[YOUR ASSIGNMENT]: Please read the records below and return each line holding the string "assumes".

- Opening Delimiter -

(* Let $d$ be a positive even integer and $s$ a positive integer with $2s\leqslant d$. Then the union $\bigcup_{\varepsilon\in I^s}C_\varepsilon\subseteq\{0,1,*\}^d$ is a $(d-s)$-neighborly code, i.e. $\mathrm{dist}(u,v)\leqslant d-s$ for all $u,v$ in this union.
   Context: Strings over $\{0,1,*\}$ ($*$ is a "joker"); for $u,v\in\{0,1,*\}^n$, $\mathrm{dist}(u,v)$ is the number of positions $i$ with $u_i\neq v_i$ and $u_i,v_i\in\{0,1\}$. A set $A\subseteq\{0,1,*\}^n$ is a $k$-neighborly code if $\max_{u,v\in A}\mathrm{dist}(u,v)\leqslant k$. Concatenation identifies $(x,y)$ with the string $xy$. Let $I=\{0,1\}$, $|x|=\sum_i x_i$ for binary $x$. Let $*^0=\{*\}$, $*^1=I$, and for $\varepsilon\in I^s$, $*^\varepsilon=*^{\varepsilon_1}\times\cdots\times *^{\varepsilon_s}$. Let $\alpha=(0,\ldots,0)$, $\omega=(1,\ldots,1)\in I^s$. For $\varepsilon\in I^s\setminus\{\alpha,\omega\}$ let $i=t(\varepsilon)$ be the unique index with $\varepsilon_i\neq\varepsilon_{i+1}=\cdots=\varepsilon_s$, and $A_\varepsilon=\{\varepsilon_1\}\times\cdots\times\{\varepsilon_i\}\times I^{s-1-i}\subseteq I^{s-1}$. Define subsets of $I^{d-s}$: $X_0=\{x\colon |x|\leqslant \frac d2-s\}$; $X_k=\{x\colon |x|=\frac d2-s+k\}$ for $0<k<s$; $X_s=\{x\colon |x|\geqslant \frac d2\}$. For $\varepsilon\in I^s\setminus\{\alpha,\omega\}$ set $B_\varepsilon=X_{|\varepsilon|}\cap(I^{d-2s+1}\times A_\varepsilon)$, where $I^{d-s}=I^{d-2s+1}\times I^{s-1}$; set $B_\alpha=X_0$, $B_\omega=X_s$. Finally $C_\varepsilon=B_\varepsilon\times *^\varepsilon\subseteq\{0,1,*\}^d$ for $\varepsilon\in I^s$. *)

theory Defs
  imports Main
begin

text \<open>Symbols of the alphabet {0,1,*}; Jk is the joker *.\<close>
datatype sym = S0 | S1 | Jk

definition dist :: "sym list \<Rightarrow> sym list \<Rightarrow> nat" where
  "dist u v = card {i. i < length u \<and> i < length v \<and> u!i \<noteq> v!i \<and> u!i \<noteq> Jk \<and> v!i \<noteq> Jk}"

definition neighborly :: "nat \<Rightarrow> sym list set \<Rightarrow> bool" where
  "neighborly k A \<longleftrightarrow> (\<forall>u\<in>A. \<forall>v\<in>A. dist u v \<le> k)"

definition binstr :: "nat \<Rightarrow> nat list set" where
  "binstr n = {x. length x = n \<and> set x \<subseteq> {0,1}}"

definition wt :: "nat list \<Rightarrow> nat" where "wt x = sum_list x"

definition tosym :: "nat \<Rightarrow> sym" where "tosym b = (if b = 0 then S0 else S1)"

definition jok :: "nat list \<Rightarrow> sym list set" where
  "jok eps = listset (map (\<lambda>e. if e = 0 then {Jk} else {S0, S1}) eps)"

text \<open>t(eps) (1-indexed): the unique i with eps_i \<noteq> eps_(i+1) = ... = eps_s.\<close>
definition tpos :: "nat list \<Rightarrow> nat" where
  "tpos eps = (THE i. 1 \<le> i \<and> i < length eps \<and> eps!(i-1) \<noteq> eps!i \<and>
       (\<forall>j. i \<le> j \<and> j < length eps \<longrightarrow> eps!j = eps!(length eps - 1)))"

definition Aset :: "nat list \<Rightarrow> nat list set" where
  "Aset eps = {a \<in> binstr (length eps - 1). \<forall>j < tpos eps. a!j = eps!j}"

definition Xset :: "nat \<Rightarrow> nat \<Rightarrow> nat \<Rightarrow> nat list set" where
  "Xset d s k =
    (if k = 0 then {x \<in> binstr (d - s). wt x \<le> d div 2 - s}
     else if k < s then {x \<in> binstr (d - s). wt x = d div 2 - s + k}
     else {x \<in> binstr (d - s). wt x \<ge> d div 2})"

text \<open>B_eps, with I^(d-s) = I^(d-2s+1) x I^(s-1).\<close>
definition Bset :: "nat \<Rightarrow> nat \<Rightarrow> nat list \<Rightarrow> nat list set" where
  "Bset d s eps =
    (if eps = replicate s 0 then Xset d s 0
     else if eps = replicate s 1 then Xset d s s
     else {x \<in> Xset d s (wt eps). drop (d - 2*s + 1) x \<in> Aset eps})"
lemma topologically_nilpotent_mult_complement:
  fixes e :: "'a::real_normed_algebra_1"
  assumes pp: "p * p = p" and pB: "p \<in> bicommutant {e}"
    and "n > 0" and tn: "topologically_nilpotent (e ^ n - p)"
  shows "topologically_nilpotent (e * (1 - p))"
proof -
  note comm = bicommutant_singleton_commute[of _ e]
  have eB: "e \<in> bicommutant {e}" by (rule self_in_bicommutant)
  have "(1 - p) * (1 - p) = 1 - p" using pp by (simp add: algebra_simps)
  then have "(1 - p) ^ n = 1 - p" using \<open>n > 0\<close> by (rule idempotent_power)
  then have "(e * (1 - p)) ^ n = e ^ n * (1 - p)"
    using power_mult_commuting[OF comm[OF eB], of "1 - p" n]
    by (simp add: commutant_diff commutant_1 pB)
  also have "\<dots> = (e ^ n - p) * (1 - p)" using pp by (simp add: algebra_simps)
  finally have "topologically_nilpotent ((e * (1 - p)) ^ n)"
    using topologically_nilpotent_mult_commuting[OF comm tn]
    by (simp add: commutant_diff commutant_1 commutant_power eB pB)
  then show ?thesis by (rule topologically_nilpotent_of_power[OF \<open>n > 0\<close>])
qed

lemma gpi_Hirano_invertible_if_topologically_nilpotent:
  fixes e :: "'a::complex_banach_algebra_1"
  assumes "n > 0" and tn: "topologically_nilpotent (e - e ^ (n + 1))"
  shows "gpi_Hirano_invertible e"
proof -
  obtain m where n: "n = Suc m" using \<open>n > 0\<close> by (cases n) auto
  have eB: "e \<in> bicommutant {e}" by (rule self_in_bicommutant)
  note comm = bicommutant_singleton_commute[of _ e]
  obtain p where pp: "p * p = p" and pB: "p \<in> bicommutant {e}" and tn_d: "topologically_nilpotent (e ^ n - p)"
    using spectral_idempotent[OF assms] by blast
  define d where "d = e ^ n - p"
  have dB: "d \<in> bicommutant {e}" unfolding d_def by (intro commutant_diff commutant_power eB pB)
  obtain v where v: "(1 + d) * v = 1" and "v \<in> bicommutant {d}"
    using one_plus_topologically_nilpotent_inverse[OF tn_d[folded d_def]] by blast
  then have vB: "v \<in> bicommutant {e}" using bicommutant_subset[OF dB] by blast
  define x where "x = e ^ m * p * v"
  have xB: "x \<in> bicommutant {e}" unfolding x_def by (intro commutant_mult commutant_power eB pB vB)
  have ex: "e * x = p"
  proof -
    have "e * x = (p + d) * p * v" unfolding x_def d_def n by (simp add: mult.assoc)
    also have "\<dots> = p * (1 + d) * v" using comm[OF dB pB] pp by (simp add: algebra_simps)
    finally show ?thesis using v by (simp add: mult.assoc)
  qed
  have xe: "x * e = e * x" by (rule comm[OF xB eB])
  have "p * e ^ m = e ^ m * p" by (rule comm[OF pB commutant_power[OF eB]])
  then have "p * x = x" unfolding x_def using pp by (metis mult.assoc)
  then have xex: "x * e * x = x" unfolding xe ex .
  define s where "s = e - e ^ (n + 1)"
  have sB: "s \<in> bicommutant {e}" unfolding s_def by (intro commutant_diff commutant_power eB)
  have "e ^ (n + 2) * x = e ^ (n + 1) * p" unfolding power_add_2 by (simp add: mult.assoc ex)
  then have remainder: "e - e ^ (n + 2) * x = e * (1 - p) + s * p"
    unfolding s_def by (simp add: algebra_simps)
  have "topologically_nilpotent (e * (1 - p))"
    using pp pB \<open>n > 0\<close> tn_d by (rule topologically_nilpotent_mult_complement)
  moreover have "topologically_nilpotent (s * p)"
    using topologically_nilpotent_mult_commuting[OF comm[OF sB pB] tn[folded s_def]] .
  moreover have "e * (1 - p) * (s * p) = s * p * (e * (1 - p))"
    by (intro comm commutant_mult commutant_diff commutant_1 eB pB sB)
  ultimately have "quasinilpotent (e - e ^ (n + 2) * x)"
    unfolding remainder quasinilpotent_iff_topologically_nilpotent
    by (intro topologically_nilpotent_add_commuting)
  then show ?thesis
    unfolding gpi_Hirano_invertible_def using xex xe[symmetric] \<open>n > 0\<close> by blast
qed

lemma gpi_Hirano_invertible_iff_topologically_nilpotent:
  "gpi_Hirano_invertible e \<longleftrightarrow> (\<exists>n>0. topologically_nilpotent (e - e ^ (n + 1)))"
  by (blast elim: gpi_Hirano_invertible_imp_topologically_nilpotent
      intro: gpi_Hirano_invertible_if_topologically_nilpotent)

section \<open>Commuting prefixes of words in \<open>a\<close> and \<open>b\<close>\<close>

locale word_commuting =
  fixes a b :: "'a::ring_1" and k :: nat
  assumes long_words_commute:
    "\<And>ws. length ws = k \<Longrightarrow> set ws \<subseteq> {a, b} \<Longrightarrow> prod_list ws * a * b = prod_list ws * b * a"
begin

inductive_set ring_ab :: "'a set" where
  one: "1 \<in> ring_ab"
| mult_a: "u \<in> ring_ab \<Longrightarrow> a * u \<in> ring_ab"
| mult_b: "u \<in> ring_ab \<Longrightarrow> b * u \<in> ring_ab"
| add: "u \<in> ring_ab \<Longrightarrow> v \<in> ring_ab \<Longrightarrow> u + v \<in> ring_ab"
| minus: "u \<in> ring_ab \<Longrightarrow> - u \<in> ring_ab"

lemma ring_ab_0: "0 \<in> ring_ab"
  using ring_ab.add[OF ring_ab.one ring_ab.minus[OF ring_ab.one]] by simp

lemma ring_ab_a: "a \<in> ring_ab" and ring_ab_b: "b \<in> ring_ab"
  using ring_ab.mult_a[OF ring_ab.one] ring_ab.mult_b[OF ring_ab.one] by simp_all

lemma ring_ab_diff: "u \<in> ring_ab \<Longrightarrow> v \<in> ring_ab \<Longrightarrow> u - v \<in> ring_ab"
  using ring_ab.add[OF _ ring_ab.minus] by (simp only: diff_conv_add_uminus)

lemma ring_ab_mult: "u \<in> ring_ab \<Longrightarrow> v \<in> ring_ab \<Longrightarrow> u * v \<in> ring_ab"
proof (induction u rule: ring_ab.induct)
  case (add u w)
  then show ?case using ring_ab.add by (simp add: distrib_right)
qed (simp_all add: mult.assoc ring_ab.intros)

lemma ring_ab_power: "u \<in> ring_ab \<Longrightarrow> u ^ n \<in> ring_ab"
  by (induction n) (simp_all add: ring_ab.one ring_ab_mult)

lemma ring_ab_sum: "(\<And>i. i \<in> A \<Longrightarrow> f i \<in> ring_ab) \<Longrightarrow> sum f A \<in> ring_ab"
  by (induction A rule: infinite_finite_induct) (simp_all add: ring_ab_0 ring_ab.add)

lemma ring_ab_of_nat: "of_nat n \<in> ring_ab"
  by (induction n) (simp_all add: ring_ab_0 ring_ab.one ring_ab.add)

definition commuting_prefixes :: "'a set" where
  "commuting_prefixes = {P. \<forall>u\<in>ring_ab. P * u * a * b = P * u * b * a}"

lemma commuting_prefixesD:
  "P \<in> commuting_prefixes \<Longrightarrow> u \<in> ring_ab \<Longrightarrow> P * u * a * b = P * u * b * a"
  unfolding commuting_prefixes_def by blast

lemma commuting_prefixes_mult_right:
  assumes "P \<in> commuting_prefixes" "v \<in> ring_ab"
  shows "P * v \<in> commuting_prefixes"
  unfolding commuting_prefixes_def
  using commuting_prefixesD[OF assms(1) ring_ab_mult[OF assms(2)]] by (simp add: mult.assoc)

lemma commuting_prefixes_add:
  "P \<in> commuting_prefixes \<Longrightarrow> Q \<in> commuting_prefixes \<Longrightarrow> P + Q \<in> commuting_prefixes"
  unfolding commuting_prefixes_def by (auto simp: distrib_right)

lemma commuting_prefixes_minus: "P \<in> commuting_prefixes \<Longrightarrow> - P \<in> commuting_prefixes"
  unfolding commuting_prefixes_def by auto

lemma long_word_commuting_prefix:
  assumes "set ws \<subseteq> {a, b}" "k \<le> length ws"
  shows "prod_list ws \<in> commuting_prefixes"
proof -
  have "\<forall>ws. set ws \<subseteq> {a, b} \<longrightarrow> k \<le> length ws \<longrightarrow> prod_list ws * u * a * b = prod_list ws * u * b * a"
    if "u \<in> ring_ab" for u
    using that
  proof (induction u rule: ring_ab.induct)
    case one
    show ?case
    proof (intro allI impI)
      fix ws :: "'a list" assume ws: "set ws \<subseteq> {a, b}" "k \<le> length ws"
      define ws1 ws2 where "ws1 = take (length ws - k) ws" and "ws2 = drop (length ws - k) ws"
      have "ws = ws1 @ ws2" unfolding ws1_def ws2_def by simp
      moreover have "prod_list ws2 * a * b = prod_list ws2 * b * a"
        using ws set_drop_subset[of _ ws] unfolding ws2_def by (intro long_words_commute) auto
      ultimately show "prod_list ws * 1 * a * b = prod_list ws * 1 * b * a"
        by (simp add: mult.assoc)
    qed
  next
    case (mult_a u)
    show ?case
    proof (intro allI impI)
      fix ws :: "'a list" assume "set ws \<subseteq> {a, b}" "k \<le> length ws"
      then have "prod_list (ws @ [a]) * u * a * b = prod_list (ws @ [a]) * u * b * a"
        using mult_a.IH[rule_format, of "ws @ [a]"] by simp
      then show "prod_list ws * (a * u) * a * b = prod_list ws * (a * u) * b * a"
        by (simp add: mult.assoc)
    qed
  next
    case (mult_b u)
    show ?case
    proof (intro allI impI)
      fix ws :: "'a list" assume "set ws \<subseteq> {a, b}" "k \<le> length ws"
      then have "prod_list (ws @ [b]) * u * a * b = prod_list (ws @ [b]) * u * b * a"
        using mult_b.IH[rule_format, of "ws @ [b]"] by simp
      then show "prod_list ws * (b * u) * a * b = prod_list ws * (b * u) * b * a"
        by (simp add: mult.assoc)
    qed
  qed (simp_all add: distrib_left distrib_right)
  then show ?thesis unfolding commuting_prefixes_def using assms by blast
qed

definition completes_prefixes :: "nat \<Rightarrow> 'a \<Rightarrow> bool" where
  "completes_prefixes n X \<longleftrightarrow>
     (\<forall>ws. set ws \<subseteq> {a, b} \<longrightarrow> k \<le> length ws + n \<longrightarrow> prod_list ws * X \<in> commuting_prefixes)"

lemma completes_prefixes_0: "u \<in> ring_ab \<Longrightarrow> completes_prefixes 0 u"
  unfolding completes_prefixes_def
  using long_word_commuting_prefix commuting_prefixes_mult_right by auto

lemma completes_prefixes_append:
  assumes "completes_prefixes n X" "x \<in> {a, b}"
  shows "completes_prefixes (Suc n) (x * X)"
  unfolding completes_prefixes_def
proof (intro allI impI)
  fix ws :: "'a list" assume "set ws \<subseteq> {a, b}" "k \<le> length ws + Suc n"
  moreover have "set (ws @ [x]) \<subseteq> {a, b}" "k \<le> length (ws @ [x]) + n"
    using calculation assms(2) by auto
  ultimately have "prod_list (ws @ [x]) * X \<in> commuting_prefixes"
    using assms(1) unfolding completes_prefixes_def by blast
  then show "prod_list ws * (x * X) \<in> commuting_prefixes" by (simp add: mult.assoc)
qed

lemma completes_prefixes_SucD: "completes_prefixes (Suc n) X \<Longrightarrow> completes_prefixes n X"
  unfolding completes_prefixes_def by simp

- Closing Delimiter -

[THE ANSWER]:
  assumes pp: "p * p = p" and pB: "p \<in> bicommutant {e}"
  assumes "n > 0" and tn: "topologically_nilpotent (e - e ^ (n + 1))"
  assumes long_words_commute:
  assumes "P \<in> commuting_prefixes" "v \<in> ring_ab"
  assumes "set ws \<subseteq> {a, b}" "k \<le> length ws"
  assumes "completes_prefixes n X" "x \<in> {a, b}"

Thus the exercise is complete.